Source data
#####

lemma exp_nielsen_growth_lift_surjective_hom:
  assumes "group G" and "group G'" and "fin_gen G'"
    and "h \<in> hom G' G" and "h ` carrier G' = carrier G" and "exp_nielsen_growth G"
  shows "exp_nielsen_growth G'"
proof -
  obtain n v \<alpha> R where v: "gen_tuple G n v"
    and growth: "\<alpha> > 1" "\<forall>r\<ge>R. \<alpha> ^ r \<le> real (card (pr_ball G n v r))"
    using assms(6) by (rule exp_nielsen_growthE)
  obtain T where T: "gen_tuple G' (length T) T"
    using assms(3) by (rule fin_gen_imp_gen_tuple)
  have hom: "group_hom G' G h"
    using assms(1,2,4) by (simp add: group_hom_def group_hom_axioms_def)
  have "v \<in> lists (h ` carrier G')"
    using v assms(5) by (auto simp: gen_tuple_def)
  then obtain w where w: "set w \<subseteq> carrier G'" "map h w = v"
    unfolding lists_image by blast
  then have "length w = n"
    using v by (auto simp: gen_tuple_def)
  note cover = pr_ball_subset_image_lift_append[OF hom T w(1) this, unfolded w(2)]
  show ?thesis
  proof (rule exp_nielsen_growthI_dominating[where c = 1, OF _ growth])
    show "gen_tuple G' (n + length T) (w @ T)"
      using gen_tuple_append[OF assms(2) w(1) T] \<open>length w = n\<close> by simp
    fix r
    have "card (pr_ball G n v r) \<le> card ((\<lambda>x. map h (take n x)) ` pr_ball G' (n + length T) (w @ T) r)"
      using finite_imageI[OF finite_pr_ball] cover by (rule card_mono)
    also have "\<dots> \<le> card (pr_ball G' (n + length T) (w @ T) r)"
      using finite_pr_ball by (rule card_image_le)
    finally show "card (pr_ball G n v r) \<le> 1 * card (pr_ball G' (n + length T) (w @ T) r)"
      by simp
  qed
qed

#####

WORK TASK »
There is a run of lines above from the one with "using assms(6) by" to the one with "using v by (auto simp: gen_tuple_def)"; print exactly that run, both ends included, and nothing else.

RESPONSE »
    using assms(6) by (rule exp_nielsen_growthE)
  obtain T where T: "gen_tuple G' (length T) T"
    using assms(3) by (rule fin_gen_imp_gen_tuple)
  have hom: "group_hom G' G h"
    using assms(1,2,4) by (simp add: group_hom_def group_hom_axioms_def)
  have "v \<in> lists (h ` carrier G')"
    using v assms(5) by (auto simp: gen_tuple_def)
  then obtain w where w: "set w \<subseteq> carrier G'" "map h w = v"
    unfolding lists_image by blast
  then have "length w = n"
    using v by (auto simp: gen_tuple_def)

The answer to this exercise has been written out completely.